Did you know that there are more than 9 different types of gold?
When you shop online, and all the description says is 'gold', more than likely it is gold plated or some alloy that has little to none pure gold. Gold purity is defined by its karatage (or more well known as carat). Solid gold (or 100% gold) is too soft for any type of jewelry, so 'gold' usually refers to an alloy, which is a mixture of gold and some other metal.
24 karat = 100% gold
Too soft for keycaps
22 karat = 91.7% gold
Too soft for keycaps
18 karat = 75.0% gold
*Ideal for fine keycaps. We use solid 18ct yellow gold
14 karat = 58.3% gold
Ideal for fine jewelry
10 karat = 41.7% gold
Ideal for fine jewelry
14k/20 Gold filled = 5% gold
Ideal for fine jewelry
Gold vermeil = 0.5-1% gold
Not suitable for fine jewelry
Gold plated = 0.05% gold
Not suitable for fine jewelry
You might have heard about rose gold, or white gold. The color of gold is determined by two factors:
- The type of metal alloys included
- The percentage of each metal alloy
Natural gold and color-saturated alloys are what give yellow gold jewelry its rich shine. The alloys most commonly used, are copper with a red hue, and silver featuring a green hue. An expert mixture of copper, silver and pure gold gives this precious metal its signature warmth.
A silvery white character is what makes white gold jewelry so appealing. In order to make the gold white, it is combined with metal alloys that are white in nature and plated with an extremely hard element called rhodium. Although strong, rhodium may wear away over time. Replating is a simple process that can be done to restore whiteness to your jewelry.
The beautiful pink hue of rose gold jewelry is created by using a copper alloy. Again, the overall percentages of metal alloys is the same for rose gold as it is for yellow or white, there is just a different mixture in what alloys are used.
Normally, if there is no karatage mentioned, the layer of gold is either just a colour imitation and not actually gold, or is one of the below:
Gold plated
Contains 0.03-0.05% solid gold, and is done by a process of electroplating. The gold is not actually binded onto the base metal (usually brass, copper, or nickel component), and fades/tarnishes very quickly with use. Gold plated is suitable for fashion or trendy jewelry and good to test out new styles and for short wears.
Gold filled
Contains 5% of solid gold, and is done by a process of heat bonding. The layer of gold (usually 2-3 microns or more depending on weight), is permanently bonded with heat and pressure onto the base metal (usually brass, or sterling silver). Gold-filled pieces can still tarnish, but it takes special circumstances for that to happen, like excessive and rough use. Even though it’s an alloy, the thick layer on gold-filled pieces prevents tarnishing, because pure gold doesn’t tarnish. Gold filled jewelry is suitable for every day wear, just like solid gold, but without the price tag.
Gold vermeil
Contains 0.5-1% solid gold, and is done by a process of electroplating, similar to gold plated. The main difference with gold vermeil is the base layer, which is sterling silver (which in itself is also an alloy). Gold vermeil is good for fashion jewelry and good for those with sensitivity to nickel, brass or copper present in gold plated jewelry.

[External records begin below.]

lemma set_integrable_human_incidence: "set_integrable lborel {0..} human_incidence"
proof -
  obtain Bv where Bv: "AE a in lborel. a \<ge> 0 \<longrightarrow> 0 \<le> betav a \<and> betav a \<le> Bv"
    using betav by (rule Linf_plusE)
  have "set_integrable lborel {0..} (\<lambda>a. Bv * Lh / muv * exp (- mu0 * a))"
    using set_integrable_exp_neg[OF mu0_pos] by (rule set_integrable_mult_right)
  moreover have "set_borel_measurable lborel {0..} human_incidence"
    unfolding set_borel_measurable_def human_incidence_def[abs_def] by measurable
  moreover have "AE a in lborel. a \<in> {0..} \<longrightarrow>
      norm (human_incidence a) \<le> norm (Bv * Lh / muv * exp (- mu0 * a))"
    using Bv
  proof eventually_elim
    case (elim a)
    show ?case
    proof
      assume "a \<in> {0..}"
      with elim have "0 \<le> betav a" "betav a \<le> Bv" by auto
      moreover have "0 < s0h Lh muh a" "s0h Lh muh a \<le> Lh * exp (- mu0 * a)"
        using s0h_pos s0h_le \<open>a \<in> {0..}\<close> by auto
      ultimately have "norm (human_incidence a) \<le> Bv * (Lh * exp (- mu0 * a)) / muv"
        unfolding human_incidence_def norm_of_real
        using muv_pos by (simp add: divide_right_mono mult_mono)
      also have "\<dots> \<le> norm (Bv * Lh / muv * exp (- mu0 * a))"
        by (simp only: real_norm_def times_divide_eq_left mult.assoc abs_ge_self)
      finally show "norm (human_incidence a) \<le> norm (Bv * Lh / muv * exp (- mu0 * a))" .
    qed
  qed
  ultimately show ?thesis
    by (rule set_integrable_bound)
qed

lemma betav_not_AE_zero: "\<not> (AE a in lborel. a \<ge> 0 \<longrightarrow> betav a = 0)"
proof
  assume zero: "AE a in lborel. a \<ge> 0 \<longrightarrow> betav a = 0"
  have "(LBINT a:{0..}. betah (a + s) * betav a * exp (- mu0 * (a + s))) = 0" for s
    unfolding set_lebesgue_integral_def
    by (rule integral_eq_zero_AE) (use zero in \<open>auto elim!: eventually_mono split: split_indicator\<close>)
  with transmission_pos show False
    by simp
qed

lemma human_incidence_eq_0_iff: "human_incidence a = 0 \<longleftrightarrow> betav a = 0"
  using s0h_pos[of a] muv_pos by (simp add: human_incidence_def)

lemma human_incidence_not_AE_zero: "\<not> (AE a in lborel. a \<ge> 0 \<longrightarrow> human_incidence a = 0)"
  using betav_not_AE_zero by (simp add: human_incidence_eq_0_iff)

lemma off_diagonal_next_gen_op: "off_diagonal_rank_one human_incidence mosquito_incidence"
proof -
  obtain B where "exp_bounded_kernel transmission_kernel mu0 B"
    using exp_bounded_transmission_kernel ..
  then interpret exp_bounded_kernel transmission_kernel mu0 B .
  have "mosquito_incidence = (\<lambda>f. complex_of_real (Lv / muv) * kernel_functional f)"
    by (simp add: fun_eq_iff mosquito_incidence_def kernel_functional_def)
  then show ?thesis
    by unfold_locales
      (auto simp: set_integrable_human_incidence human_incidence_not_AE_zero
        kernel_functional_add kernel_functional_scale ring_distribs add_divide_distrib
        intro: kernel_functional_cong)
qed

lemma mosquito_incidence_human_incidence:
  "mosquito_incidence human_incidence = complex_of_real ((Lv / muv) / muv *
     (LBINT s:{0..}. LBINT x:{0..}. betah (x + s) * betav x * s0h Lh muh x * Gam muh r1 delta x s))"
proof -
  have "transmission_kernel x s * human_incidence x = complex_of_real
      (betah (x + s) * betav x * s0h Lh muh x * Gam muh r1 delta x s / muv)" for x s
    by (simp add: transmission_kernel_def human_incidence_def)
  then have "mosquito_incidence human_incidence = complex_of_real (Lv / muv) *
      complex_of_real (LBINT s:{0..}. LBINT x:{0..}.
        betah (x + s) * betav x * s0h Lh muh x * Gam muh r1 delta x s / muv)"
    by (simp only: mosquito_incidence_def set_integral_complex_of_real)
  then show ?thesis
    by simp
qed

lemma transmission_integral_nonneg:
  "0 \<le> (LBINT s:{0..}. LBINT x:{0..}.
      betah (x + s) * betav x * s0h Lh muh x * Gam muh r1 delta x s)"
proof -
  obtain Bh where Bh: "AE a in lborel. a \<ge> 0 \<longrightarrow> 0 \<le> betah a \<and> betah a \<le> Bh"
    using betah by (rule Linf_plusE)
  obtain Bv where Bv: "AE a in lborel. a \<ge> 0 \<longrightarrow> 0 \<le> betav a \<and> betav a \<le> Bv"
    using betav by (rule Linf_plusE)
  have "0 \<le> (LBINT x:{0..}. betah (x + s) * betav x * s0h Lh muh x * Gam muh r1 delta x s)"
    if "s \<ge> 0" for s
    unfolding set_lebesgue_integral_def
  proof (rule integral_nonneg_AE)
    show "AE x in lborel. 0 \<le> indicator {0..} x *\<^sub>R
        (betah (x + s) * betav x * s0h Lh muh x * Gam muh r1 delta x s)"
      using AE_lborel_translate[OF Bh, of s] Bv
      by eventually_elim
        (use \<open>s \<ge> 0\<close> in \<open>auto simp: Gam_def intro!: mult_nonneg_nonneg less_imp_le[OF s0h_pos]
          split: split_indicator\<close>)
  qed
  then show ?thesis
    unfolding set_lebesgue_integral_def
    by (intro integral_nonneg_AE AE_I2) (simp split: split_indicator)
qed

end

theorem theorem3p2:
  fixes Lh Lv muv mu0 :: real
    and muh betah betav delta r1 r2 :: "real \<Rightarrow> real"
  assumes "mu0 > 0"
    and "AE a in lborel. a \<ge> 0 \<longrightarrow> muh a \<ge> mu0"
    and "muv \<ge> mu0"
    and "Lh > 0" and "Lv > 0" and "muv > 0"
    and "Linf_plus betav" and "Linf_plus betah" and "Linf_plus muh"
    and "Linf_plus delta" and "Linf_plus r1" and "Linf_plus r2"
    and "(LBINT s:{0..}. LBINT a:{0..}. betah (a + s) * betav a * exp (- mu0 * (a + s))) > 0"
  shows "spectral_radius (next_gen_op Lh Lv muv muh betah betav r1 delta)
           = R0 Lh Lv muv muh betah betav r1 delta"
proof -
  \<comment> \<open>Neither \<open>muv \<ge> mu0\<close> nor the loss-of-immunity rate \<open>r2\<close> enters \<open>K\<close>,
    so those two hypotheses are unused.\<close>
  interpret malaria_model Lh Lv muv mu0 muh betah betav delta r1
    using assms by unfold_locales auto
  interpret off_diagonal_rank_one human_incidence mosquito_incidence
    by (rule off_diagonal_next_gen_op)
  have "next_gen_op Lh Lv muv muh betah betav r1 delta = K"
    by (simp add: fun_eq_iff next_gen_op_eq K_def)
  then have "spectral_radius (next_gen_op Lh Lv muv muh betah betav r1 delta)
      = sqrt (cmod (mosquito_incidence human_incidence))"
    by (simp add: spectral_radius_K)
  also have "\<dots> = R0 Lh Lv muv muh betah betav r1 delta"
    using transmission_integral_nonneg Lv_pos muv_pos
    unfolding mosquito_incidence_human_incidence norm_of_real R0_def by simp
  finally show ?thesis .
qed

end
(* Let $\sigma$ be a valid composite state of $\mathcal{M}uddy\mathcal{P}uzzle$ reachable by a valid trace from a composite initial state $\sigma^0$ with $\mathbf{consistent}(\sigma^0)$, and suppose $\sigma\notin S_F$. Then there exist a component $i$ and a valid transition (labeled $(i,l)$ for some $l$) from $\sigma$ to a state $\sigma'$ such that $\mathit{round}(\sigma'_i)>\mathit{round}(\sigma_i)$.
   Context: Fix $n \ge 1$ children indexed $1,\dots,n$. A message is a triple $\langle j, r, s\rangle$ with $j \in \{1,\dots,n\}$ (the sender), $r \in \mathbb{N}$ (a round number) and $s \in \{u,m,c\}$ (epistemic status: $u$ = "does not know own status", $m$ = "knows they are muddy", $c$ = "knows they are clean"); $\bot$ denotes "no message". Child $i$ is a VLSM $\mathcal{C}_i$ with labels $\{\mathit{init},\mathit{emit},\mathit{receive}\}$, no initial messages, initial states $\langle \mathit{Obs}\rangle$ with $\mathit{Obs}\subseteq\{1,\dots,n\}$, and running states $\langle \mathit{Obs}, r, s\rangle$ with $\mathit{Obs}\subseteq\{1,\dots,n\}$, $r\in\mathbb{N}$, $s\in\{u,m,c\}$; $\mathit{Obs}(\cdot)$ denotes the observation set of either kind of state. Transitions $\tau_i$ and local validity $\beta_i$: - init: enabled only on an initial state $\langle\mathit{Obs}\rangle$ with input $\bot$; goes to $\langle \mathit{Obs},0,u\rangle$ if $\mathit{Obs}\ne\emptyset$ and to $\langle\mathit{Obs},0,m\rangle$ if $\mathit{Obs}=\emptyset$; output $\bot$. - emit: enabled only on a running state $\langle\mathit{Obs},r,s\rangle$ with input $\bot$; state unchanged, output $\langle i,r,s\rangle$. - receive: on a running state $\langle\mathit{Obs},r,s\rangle$ with input message $\langle j,r',s'\rangle$, output $\bot$, new state given by the first applicable case: (R1) $s\in\{m,c\}$: unchanged. Otherwise $s=u$ and: (R2) $s'=c$, $j\notin\mathit{Obs}$, $r'=|\mathit{Obs}|$: $\langle\mathit{Obs},r',c\rangle$; (R3) $s'=c$, $j\notin\mathit{Obs}$, $r'=|\mathit{Obs}|+1$: $\langle\mathit{Obs},r'-1,m\rangle$; (R4) $s'=m$, $j\in\mathit{Obs}$, $r'=|\mathit{Obs}|$: $\langle\mathit{Obs},r',m\rangle$; (R5) $s'=m$, $j\in\mathit{Obs}$, $r'=|\mathit{Obs}|-1$: $\langle\mathit{Obs},r'+1,c\rangle$; (R6) $s'=u$, $j\in\mathit{Obs}$, $r'<r$: unchanged; (R7) $s'=u$, $j\in\mathit{Obs}$, $r\le r'<|\mathit{Obs}|-1$: $\langle\mathit{Obs},r'+1,u\rangle$; (R8) $s'=u$, $j\in\mathit{Obs}$, $r'=|\mathit{Obs}|-1$: $\langle\mathit{Obs},r'+1,m\rangle$; (R9) $s'=u$, $j\notin\mathit{Obs}$, $r'\le r$: unchanged; (R10) $s'=u$, $j\notin\mathit{Obs}$, $r<r'<|\mathit{Obs}|$: $\langle\mathit{Obs},r',u\rangle$; (R11) $s'=u$, $j\notin\mathit{Obs}$, $r'=|\mathit{Obs}|$: $\langle\mathit{Obs},r',m\rangle$. $\beta_i$ for receive holds exactly when one of (R1)–(R11) applies. Composition $\mathcal{M}uddy\mathcal{P}uzzle=(\mathcal{C}_1+\dots+\mathcal{C}_n)|_\varphi$: composite states are tuples $\sigma=(\sigma_1,\dots,\sigma_n)$; composite initial states ($S_0$) are those with every component initial; labels are pairs $(i,l)$; transition $(i,l)$ with input $\mu$ applies $\tau_i(l,\sigma_i,\mu)$ to component $i$, leaves the others unchanged, and is allowed iff $\beta_i(l,\sigma_i,\mu)\wedge\varphi((i,l),\sigma,\mu)$. For a composite state $\sigma$ let $M=\bigcup_{i}\mathit{Obs}(\sigma_i)$; $\mathbf{consistent}(\sigma)$ means $M\ne\emptyset$ and $\mathit{Obs}(\sigma_i)=M\setminus\{i\}$ for all $i$. The composition constraint: $\varphi((i,\mathit{init}),\sigma,\mu)=\mathbf{consistent}(\sigma)$; $\varphi((i,\mathit{emit}),\sigma,\mu)=\text{true}$; $\varphi((i,\mathit{receive}),\sigma,\langle j,r',s'\rangle)$ holds iff $\sigma_j$ is a running state $\langle \mathit{Obs}_j,r_j,s_j\rangle$ and $(s'=s_j\wedge r'=r_j)\vee(s'=u\wedge r'<r_j)$. Validity (VLSM sense): a transition is constrained if its input satisfies the constraint. Valid traces and valid messages are defined by simultaneous induction: a valid trace is a finite sequence of constrained transitions starting in a composite initial state in which every input message is either $\bot$ or a valid message; a valid message is one output by some transition of some valid trace. A valid state is one reachable by a valid trace; a valid transition is a constrained transition from a valid state whose input is $\bot$ or a valid message. $S_V$ is the set of valid states. The set of final states is $S_F=\{\sigma\in S_V \mid$ every component $\sigma_i$ is a running state with status $\ne u\}$. For a child state, $\mathit{round}(\langle\mathit{Obs}\rangle)=-1$ and $\mathit{round}(\langle\mathit{Obs},r,s\rangle)=r$. *)

theory Defs
  imports Main
begin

If the website you are buying jewelry from doesn't state the above, you are sometimes able to articulate the jewelry type according to price. Usually gold plated are cheapest and more commonly associated with trendy jewellery, followed by gold vermeil and finally gold filled which has the thickest layer of gold.
However, always do your research as gold plated jewelry can still be marked up 10-15x its value and is no where as long lasting as gold filled!
Fine silver = 99.9% silver
Too soft for fine jewelry
Sterling silver = 92.5% silver
Ideal for fine jewelry
Argentium silver = 92.5% silver
Ideal for fine jewelry
Silver filled = 5-10% silver
Not suitable for fine jewelry
Silver plated = 0.5% silver
Not suitable for fine jewelry
Sterling silver is still 92.5% fine silver. Often with finer, more delicate sterling silver jewelry, you will find that over time the silver may become softer and its shape more malleable. It is important to care for your silver to prevent them from losing shape.
Quality indicators for silver jewelry
Silver filled and silver plated are usually of course, easily determinable by price. Sterling silver is the most common type of fine silver jewelry, with argentium jewelry being more expensive due to the additional non-tarnish alloy germanium. Some silver jewelry may also come plated with rhodium, an element that gives the jewelry its strong shiny finish and also doubles as a tarnish resistant layer.
For sterling silver jewelry, the small amount of copper added to sterling has very little effect on the metal's value. Instead, the price of the silver item is affected by the labor involved in making the item, the skill of the craftsperson, and the intricacy of the design.If you are sensitive to nickel, make sure you are buying sterling silver with no nickel. Often, nickel is used in base metal mixtures and then plated in gold or silver to provide durability. Long exposure to nickel can cause a reaction, so avoid them when you can.